Dataset extract:

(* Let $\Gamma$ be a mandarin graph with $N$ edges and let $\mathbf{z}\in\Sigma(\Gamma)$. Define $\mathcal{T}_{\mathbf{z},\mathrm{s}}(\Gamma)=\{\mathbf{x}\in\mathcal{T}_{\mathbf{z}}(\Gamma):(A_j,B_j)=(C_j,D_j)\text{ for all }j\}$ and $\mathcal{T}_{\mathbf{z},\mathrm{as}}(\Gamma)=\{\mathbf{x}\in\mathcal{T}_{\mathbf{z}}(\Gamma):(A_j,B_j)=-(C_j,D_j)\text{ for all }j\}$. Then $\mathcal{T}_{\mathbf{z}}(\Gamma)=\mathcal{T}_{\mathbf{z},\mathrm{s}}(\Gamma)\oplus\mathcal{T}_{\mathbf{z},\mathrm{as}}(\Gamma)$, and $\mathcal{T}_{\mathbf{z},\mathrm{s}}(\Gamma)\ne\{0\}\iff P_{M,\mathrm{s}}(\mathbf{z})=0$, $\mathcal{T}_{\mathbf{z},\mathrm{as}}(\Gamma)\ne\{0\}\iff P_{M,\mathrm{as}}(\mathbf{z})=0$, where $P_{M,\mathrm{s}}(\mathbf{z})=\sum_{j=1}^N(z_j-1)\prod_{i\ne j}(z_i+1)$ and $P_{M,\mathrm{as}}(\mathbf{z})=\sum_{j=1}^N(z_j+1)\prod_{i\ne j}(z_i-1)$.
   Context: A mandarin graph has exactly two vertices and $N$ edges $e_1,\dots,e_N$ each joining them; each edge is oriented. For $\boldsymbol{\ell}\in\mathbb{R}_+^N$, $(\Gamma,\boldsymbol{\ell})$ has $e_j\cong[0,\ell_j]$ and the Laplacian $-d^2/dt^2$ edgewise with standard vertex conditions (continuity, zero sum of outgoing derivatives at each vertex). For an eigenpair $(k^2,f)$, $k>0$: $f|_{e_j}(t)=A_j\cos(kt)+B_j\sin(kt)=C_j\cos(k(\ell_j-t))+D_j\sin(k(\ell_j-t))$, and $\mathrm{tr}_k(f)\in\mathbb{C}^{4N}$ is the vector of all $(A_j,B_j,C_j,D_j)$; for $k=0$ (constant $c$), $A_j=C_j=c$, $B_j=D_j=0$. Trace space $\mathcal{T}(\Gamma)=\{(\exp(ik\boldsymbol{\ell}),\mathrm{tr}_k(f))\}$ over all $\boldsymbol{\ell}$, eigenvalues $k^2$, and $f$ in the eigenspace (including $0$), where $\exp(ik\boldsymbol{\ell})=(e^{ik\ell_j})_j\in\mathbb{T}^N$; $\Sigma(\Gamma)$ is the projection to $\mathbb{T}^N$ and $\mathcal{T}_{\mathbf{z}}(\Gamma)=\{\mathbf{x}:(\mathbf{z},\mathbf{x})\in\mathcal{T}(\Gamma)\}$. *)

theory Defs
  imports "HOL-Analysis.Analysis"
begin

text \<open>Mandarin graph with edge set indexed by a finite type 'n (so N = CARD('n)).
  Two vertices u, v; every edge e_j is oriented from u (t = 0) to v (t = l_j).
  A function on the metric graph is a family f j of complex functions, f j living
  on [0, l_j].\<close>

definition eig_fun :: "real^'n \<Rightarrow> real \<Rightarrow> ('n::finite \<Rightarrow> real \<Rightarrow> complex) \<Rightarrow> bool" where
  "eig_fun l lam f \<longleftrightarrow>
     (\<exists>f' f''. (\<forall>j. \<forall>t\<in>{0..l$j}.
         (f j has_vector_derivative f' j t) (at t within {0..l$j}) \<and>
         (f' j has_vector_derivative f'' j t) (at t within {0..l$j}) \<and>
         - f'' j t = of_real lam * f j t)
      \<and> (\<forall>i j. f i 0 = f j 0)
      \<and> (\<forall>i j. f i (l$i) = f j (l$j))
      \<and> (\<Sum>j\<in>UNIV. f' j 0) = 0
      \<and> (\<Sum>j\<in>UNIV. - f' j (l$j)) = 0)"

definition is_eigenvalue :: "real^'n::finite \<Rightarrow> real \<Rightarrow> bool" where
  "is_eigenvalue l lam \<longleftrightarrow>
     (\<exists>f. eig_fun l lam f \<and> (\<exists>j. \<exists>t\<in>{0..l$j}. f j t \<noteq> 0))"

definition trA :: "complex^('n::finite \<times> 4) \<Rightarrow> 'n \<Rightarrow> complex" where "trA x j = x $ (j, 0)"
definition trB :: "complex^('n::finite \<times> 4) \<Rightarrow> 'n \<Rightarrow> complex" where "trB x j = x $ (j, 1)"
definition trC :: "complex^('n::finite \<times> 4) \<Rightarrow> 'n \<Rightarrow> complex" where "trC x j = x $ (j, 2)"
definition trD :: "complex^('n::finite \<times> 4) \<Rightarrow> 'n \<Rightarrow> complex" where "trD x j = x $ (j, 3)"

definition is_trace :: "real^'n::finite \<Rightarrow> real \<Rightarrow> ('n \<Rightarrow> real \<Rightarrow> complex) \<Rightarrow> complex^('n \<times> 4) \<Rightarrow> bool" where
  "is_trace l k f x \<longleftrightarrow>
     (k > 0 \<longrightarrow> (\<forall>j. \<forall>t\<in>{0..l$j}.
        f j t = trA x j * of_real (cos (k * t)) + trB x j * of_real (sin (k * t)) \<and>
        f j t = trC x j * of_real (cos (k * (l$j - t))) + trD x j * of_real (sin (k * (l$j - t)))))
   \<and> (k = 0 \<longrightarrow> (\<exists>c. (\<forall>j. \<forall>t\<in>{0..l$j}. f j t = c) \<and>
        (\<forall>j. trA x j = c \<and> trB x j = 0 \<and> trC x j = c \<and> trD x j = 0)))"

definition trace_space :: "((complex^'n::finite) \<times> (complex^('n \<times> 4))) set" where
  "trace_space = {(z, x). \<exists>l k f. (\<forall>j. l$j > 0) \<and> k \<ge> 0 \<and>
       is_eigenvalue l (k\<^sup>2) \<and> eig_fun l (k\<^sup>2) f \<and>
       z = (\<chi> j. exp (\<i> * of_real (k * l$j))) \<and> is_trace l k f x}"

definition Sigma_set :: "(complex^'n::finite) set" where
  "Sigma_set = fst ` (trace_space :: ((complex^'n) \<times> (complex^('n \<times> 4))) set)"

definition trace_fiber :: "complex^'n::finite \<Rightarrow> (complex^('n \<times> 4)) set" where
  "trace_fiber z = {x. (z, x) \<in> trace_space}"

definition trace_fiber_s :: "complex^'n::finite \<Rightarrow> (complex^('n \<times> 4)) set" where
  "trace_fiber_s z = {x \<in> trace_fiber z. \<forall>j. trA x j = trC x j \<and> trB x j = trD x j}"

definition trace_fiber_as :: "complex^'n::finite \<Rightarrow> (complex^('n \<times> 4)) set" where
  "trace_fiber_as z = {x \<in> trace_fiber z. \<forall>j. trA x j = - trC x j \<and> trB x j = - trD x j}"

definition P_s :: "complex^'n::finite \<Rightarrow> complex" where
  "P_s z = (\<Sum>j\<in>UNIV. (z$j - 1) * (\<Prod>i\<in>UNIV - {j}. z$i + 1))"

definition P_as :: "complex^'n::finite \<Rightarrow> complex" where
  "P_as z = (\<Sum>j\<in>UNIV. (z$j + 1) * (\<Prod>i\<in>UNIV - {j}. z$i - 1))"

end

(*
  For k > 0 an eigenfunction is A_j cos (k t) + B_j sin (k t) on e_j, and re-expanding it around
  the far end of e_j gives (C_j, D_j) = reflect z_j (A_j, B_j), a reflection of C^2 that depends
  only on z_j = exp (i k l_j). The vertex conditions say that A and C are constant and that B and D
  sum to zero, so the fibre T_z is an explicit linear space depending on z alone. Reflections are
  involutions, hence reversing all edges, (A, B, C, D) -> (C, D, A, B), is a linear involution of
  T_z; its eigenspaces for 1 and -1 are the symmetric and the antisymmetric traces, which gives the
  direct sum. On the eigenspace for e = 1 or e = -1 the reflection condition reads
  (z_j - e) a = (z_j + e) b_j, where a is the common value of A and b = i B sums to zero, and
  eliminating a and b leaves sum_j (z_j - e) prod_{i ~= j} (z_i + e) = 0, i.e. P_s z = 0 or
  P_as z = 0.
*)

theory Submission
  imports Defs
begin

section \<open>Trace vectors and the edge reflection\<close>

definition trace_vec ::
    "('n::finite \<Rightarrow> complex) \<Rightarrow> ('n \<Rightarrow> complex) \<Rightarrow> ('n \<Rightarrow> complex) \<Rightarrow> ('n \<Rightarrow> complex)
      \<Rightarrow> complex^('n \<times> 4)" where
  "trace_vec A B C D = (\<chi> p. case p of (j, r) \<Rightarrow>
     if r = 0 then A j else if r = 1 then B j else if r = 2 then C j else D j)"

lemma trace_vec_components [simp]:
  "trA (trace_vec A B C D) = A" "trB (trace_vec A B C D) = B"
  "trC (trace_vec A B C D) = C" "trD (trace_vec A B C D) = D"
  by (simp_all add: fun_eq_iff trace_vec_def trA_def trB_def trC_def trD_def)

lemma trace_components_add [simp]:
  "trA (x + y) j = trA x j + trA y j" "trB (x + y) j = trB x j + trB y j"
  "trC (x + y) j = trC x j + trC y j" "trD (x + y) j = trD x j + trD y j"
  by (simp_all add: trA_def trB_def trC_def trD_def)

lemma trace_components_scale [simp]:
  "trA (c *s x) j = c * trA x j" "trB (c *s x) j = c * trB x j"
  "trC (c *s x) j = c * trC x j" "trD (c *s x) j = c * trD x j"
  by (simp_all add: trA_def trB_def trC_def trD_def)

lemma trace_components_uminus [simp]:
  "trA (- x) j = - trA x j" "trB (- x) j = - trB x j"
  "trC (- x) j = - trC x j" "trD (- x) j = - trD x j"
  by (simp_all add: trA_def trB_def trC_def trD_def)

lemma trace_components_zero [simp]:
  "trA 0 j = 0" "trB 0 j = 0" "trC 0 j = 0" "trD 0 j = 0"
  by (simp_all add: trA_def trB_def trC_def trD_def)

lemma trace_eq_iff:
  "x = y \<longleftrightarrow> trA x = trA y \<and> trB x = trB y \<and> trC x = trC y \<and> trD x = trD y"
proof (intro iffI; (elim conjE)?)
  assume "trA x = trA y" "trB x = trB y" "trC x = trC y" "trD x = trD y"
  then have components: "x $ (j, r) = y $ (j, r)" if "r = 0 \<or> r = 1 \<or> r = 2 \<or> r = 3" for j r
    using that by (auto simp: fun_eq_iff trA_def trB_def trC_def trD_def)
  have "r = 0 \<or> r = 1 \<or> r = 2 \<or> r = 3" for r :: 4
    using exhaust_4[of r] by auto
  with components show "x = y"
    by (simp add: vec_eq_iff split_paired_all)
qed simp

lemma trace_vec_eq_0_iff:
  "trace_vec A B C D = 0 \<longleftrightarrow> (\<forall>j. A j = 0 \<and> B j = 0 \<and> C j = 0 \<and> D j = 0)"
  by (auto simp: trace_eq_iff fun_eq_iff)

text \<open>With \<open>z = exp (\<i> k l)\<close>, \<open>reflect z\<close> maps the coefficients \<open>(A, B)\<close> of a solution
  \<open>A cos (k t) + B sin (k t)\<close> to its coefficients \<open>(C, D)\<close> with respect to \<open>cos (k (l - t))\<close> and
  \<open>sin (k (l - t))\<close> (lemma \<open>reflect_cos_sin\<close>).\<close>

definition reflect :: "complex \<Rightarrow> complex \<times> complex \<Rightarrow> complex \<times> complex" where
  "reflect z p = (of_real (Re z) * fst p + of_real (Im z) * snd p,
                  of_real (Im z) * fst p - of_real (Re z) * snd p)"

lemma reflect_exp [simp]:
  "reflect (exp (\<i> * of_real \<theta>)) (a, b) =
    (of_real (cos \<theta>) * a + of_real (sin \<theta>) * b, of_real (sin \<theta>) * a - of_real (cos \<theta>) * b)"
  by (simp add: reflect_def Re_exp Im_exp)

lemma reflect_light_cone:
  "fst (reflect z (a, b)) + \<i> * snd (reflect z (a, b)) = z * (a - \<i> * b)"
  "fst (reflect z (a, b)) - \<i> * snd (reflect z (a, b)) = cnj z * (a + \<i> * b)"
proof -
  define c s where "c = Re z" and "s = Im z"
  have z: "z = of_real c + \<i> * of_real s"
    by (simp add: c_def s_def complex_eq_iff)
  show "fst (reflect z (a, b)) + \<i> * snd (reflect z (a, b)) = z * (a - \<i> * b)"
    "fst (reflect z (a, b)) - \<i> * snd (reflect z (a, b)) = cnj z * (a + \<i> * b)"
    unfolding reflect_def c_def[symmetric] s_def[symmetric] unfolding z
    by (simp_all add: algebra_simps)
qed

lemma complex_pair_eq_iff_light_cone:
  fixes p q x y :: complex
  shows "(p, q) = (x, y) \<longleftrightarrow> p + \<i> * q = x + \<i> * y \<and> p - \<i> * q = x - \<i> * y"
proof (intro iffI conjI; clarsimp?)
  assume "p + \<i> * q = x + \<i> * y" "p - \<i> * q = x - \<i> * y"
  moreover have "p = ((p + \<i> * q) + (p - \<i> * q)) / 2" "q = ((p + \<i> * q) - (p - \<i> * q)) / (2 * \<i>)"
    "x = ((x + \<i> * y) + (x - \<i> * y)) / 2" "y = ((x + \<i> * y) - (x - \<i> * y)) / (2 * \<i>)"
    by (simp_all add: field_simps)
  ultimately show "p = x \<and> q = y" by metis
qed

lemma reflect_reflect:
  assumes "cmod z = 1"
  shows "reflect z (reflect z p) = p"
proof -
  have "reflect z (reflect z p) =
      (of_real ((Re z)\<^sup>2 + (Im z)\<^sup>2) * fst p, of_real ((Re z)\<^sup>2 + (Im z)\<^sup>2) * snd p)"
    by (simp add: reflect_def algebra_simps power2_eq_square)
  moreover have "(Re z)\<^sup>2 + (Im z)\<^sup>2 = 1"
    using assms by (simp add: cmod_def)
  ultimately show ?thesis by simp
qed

---

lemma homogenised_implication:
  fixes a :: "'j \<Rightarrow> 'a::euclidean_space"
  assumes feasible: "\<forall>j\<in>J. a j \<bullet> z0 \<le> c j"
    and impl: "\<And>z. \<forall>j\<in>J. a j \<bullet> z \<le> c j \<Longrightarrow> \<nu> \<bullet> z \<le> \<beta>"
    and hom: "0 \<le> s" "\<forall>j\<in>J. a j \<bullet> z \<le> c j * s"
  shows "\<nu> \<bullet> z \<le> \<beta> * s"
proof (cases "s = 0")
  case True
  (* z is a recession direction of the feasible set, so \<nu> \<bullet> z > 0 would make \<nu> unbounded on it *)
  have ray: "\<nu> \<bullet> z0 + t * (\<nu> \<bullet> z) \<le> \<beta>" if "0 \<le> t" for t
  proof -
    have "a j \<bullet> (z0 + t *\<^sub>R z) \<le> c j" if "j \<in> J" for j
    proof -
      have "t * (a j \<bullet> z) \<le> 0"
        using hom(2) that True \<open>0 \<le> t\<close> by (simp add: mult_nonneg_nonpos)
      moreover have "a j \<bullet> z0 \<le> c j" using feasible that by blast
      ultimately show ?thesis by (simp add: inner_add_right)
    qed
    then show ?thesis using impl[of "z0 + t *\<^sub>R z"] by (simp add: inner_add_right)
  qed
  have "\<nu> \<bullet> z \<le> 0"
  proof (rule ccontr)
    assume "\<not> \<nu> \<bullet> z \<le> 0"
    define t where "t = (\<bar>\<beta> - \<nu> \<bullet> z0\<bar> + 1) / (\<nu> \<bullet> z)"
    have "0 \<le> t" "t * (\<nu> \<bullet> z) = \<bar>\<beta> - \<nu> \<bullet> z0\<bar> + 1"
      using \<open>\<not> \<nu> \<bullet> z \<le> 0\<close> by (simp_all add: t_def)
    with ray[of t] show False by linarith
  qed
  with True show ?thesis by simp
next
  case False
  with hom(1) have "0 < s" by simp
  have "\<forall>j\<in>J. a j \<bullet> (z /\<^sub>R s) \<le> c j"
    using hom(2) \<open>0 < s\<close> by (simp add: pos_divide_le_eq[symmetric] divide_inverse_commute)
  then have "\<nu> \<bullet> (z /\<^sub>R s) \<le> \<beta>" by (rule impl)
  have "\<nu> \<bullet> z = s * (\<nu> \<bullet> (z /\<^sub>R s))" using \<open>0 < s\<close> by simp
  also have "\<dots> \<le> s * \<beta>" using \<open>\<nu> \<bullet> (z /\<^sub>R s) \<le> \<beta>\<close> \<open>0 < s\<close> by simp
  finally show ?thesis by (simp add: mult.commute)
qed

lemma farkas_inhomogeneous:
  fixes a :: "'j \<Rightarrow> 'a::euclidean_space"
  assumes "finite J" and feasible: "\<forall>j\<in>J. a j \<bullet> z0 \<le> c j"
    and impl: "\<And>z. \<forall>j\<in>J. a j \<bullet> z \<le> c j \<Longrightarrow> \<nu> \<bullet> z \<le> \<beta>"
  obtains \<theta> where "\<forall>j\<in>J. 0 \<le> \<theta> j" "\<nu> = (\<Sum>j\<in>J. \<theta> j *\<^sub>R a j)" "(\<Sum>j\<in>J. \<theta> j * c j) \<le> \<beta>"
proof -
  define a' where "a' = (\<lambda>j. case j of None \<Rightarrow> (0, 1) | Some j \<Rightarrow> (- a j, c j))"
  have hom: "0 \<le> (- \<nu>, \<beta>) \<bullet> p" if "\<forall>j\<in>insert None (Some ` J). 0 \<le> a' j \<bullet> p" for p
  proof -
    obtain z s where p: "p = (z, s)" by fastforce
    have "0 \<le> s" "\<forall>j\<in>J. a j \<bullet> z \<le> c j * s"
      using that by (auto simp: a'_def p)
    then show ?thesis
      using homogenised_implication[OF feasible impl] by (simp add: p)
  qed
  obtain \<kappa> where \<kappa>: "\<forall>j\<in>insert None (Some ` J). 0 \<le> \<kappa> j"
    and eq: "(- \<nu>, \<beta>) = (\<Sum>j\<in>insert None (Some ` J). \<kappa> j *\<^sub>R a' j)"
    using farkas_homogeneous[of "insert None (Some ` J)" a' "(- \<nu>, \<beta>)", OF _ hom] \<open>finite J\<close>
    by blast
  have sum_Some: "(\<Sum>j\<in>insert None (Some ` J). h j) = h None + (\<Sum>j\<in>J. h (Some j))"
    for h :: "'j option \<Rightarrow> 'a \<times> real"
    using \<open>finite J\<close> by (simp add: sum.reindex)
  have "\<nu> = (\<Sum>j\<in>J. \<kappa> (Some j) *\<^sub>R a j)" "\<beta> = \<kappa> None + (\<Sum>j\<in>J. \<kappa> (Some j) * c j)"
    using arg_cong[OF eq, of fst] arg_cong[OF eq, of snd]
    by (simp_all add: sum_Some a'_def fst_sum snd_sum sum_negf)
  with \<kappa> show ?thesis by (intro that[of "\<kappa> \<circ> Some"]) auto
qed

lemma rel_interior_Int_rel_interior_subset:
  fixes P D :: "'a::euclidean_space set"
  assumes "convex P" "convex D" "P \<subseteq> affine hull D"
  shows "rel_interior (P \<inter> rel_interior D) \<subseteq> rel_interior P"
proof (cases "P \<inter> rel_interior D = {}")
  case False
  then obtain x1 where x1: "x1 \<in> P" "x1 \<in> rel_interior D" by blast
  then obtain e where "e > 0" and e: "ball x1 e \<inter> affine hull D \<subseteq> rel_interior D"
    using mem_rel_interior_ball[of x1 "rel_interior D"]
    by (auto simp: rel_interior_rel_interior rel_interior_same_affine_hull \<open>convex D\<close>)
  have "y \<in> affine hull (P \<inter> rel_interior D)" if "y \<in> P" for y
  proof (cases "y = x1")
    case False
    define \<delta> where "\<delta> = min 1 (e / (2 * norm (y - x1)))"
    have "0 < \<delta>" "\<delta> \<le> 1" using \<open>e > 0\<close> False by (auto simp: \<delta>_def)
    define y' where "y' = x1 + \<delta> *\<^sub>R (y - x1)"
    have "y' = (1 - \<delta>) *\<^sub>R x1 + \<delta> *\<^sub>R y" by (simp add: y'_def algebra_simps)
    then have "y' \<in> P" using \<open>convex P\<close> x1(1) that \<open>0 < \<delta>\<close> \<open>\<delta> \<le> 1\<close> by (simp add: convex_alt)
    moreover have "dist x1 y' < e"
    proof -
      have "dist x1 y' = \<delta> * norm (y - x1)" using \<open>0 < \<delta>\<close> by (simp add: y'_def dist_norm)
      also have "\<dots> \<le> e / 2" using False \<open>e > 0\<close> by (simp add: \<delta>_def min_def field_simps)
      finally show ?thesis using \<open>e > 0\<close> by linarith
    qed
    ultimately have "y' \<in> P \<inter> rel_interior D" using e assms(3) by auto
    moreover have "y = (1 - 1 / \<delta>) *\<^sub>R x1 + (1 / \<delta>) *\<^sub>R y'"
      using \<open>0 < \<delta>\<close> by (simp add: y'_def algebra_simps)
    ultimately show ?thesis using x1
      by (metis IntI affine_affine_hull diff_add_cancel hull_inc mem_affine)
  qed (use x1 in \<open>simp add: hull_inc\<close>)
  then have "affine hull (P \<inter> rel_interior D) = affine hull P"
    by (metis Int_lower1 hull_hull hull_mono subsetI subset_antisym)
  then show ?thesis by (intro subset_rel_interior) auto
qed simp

Action item: Look through the entries for lines containing the word "rule" and return each one.

Your response:
  proof (rule ccontr)
  then have "\<nu> \<bullet> (z /\<^sub>R s) \<le> \<beta>" by (rule impl)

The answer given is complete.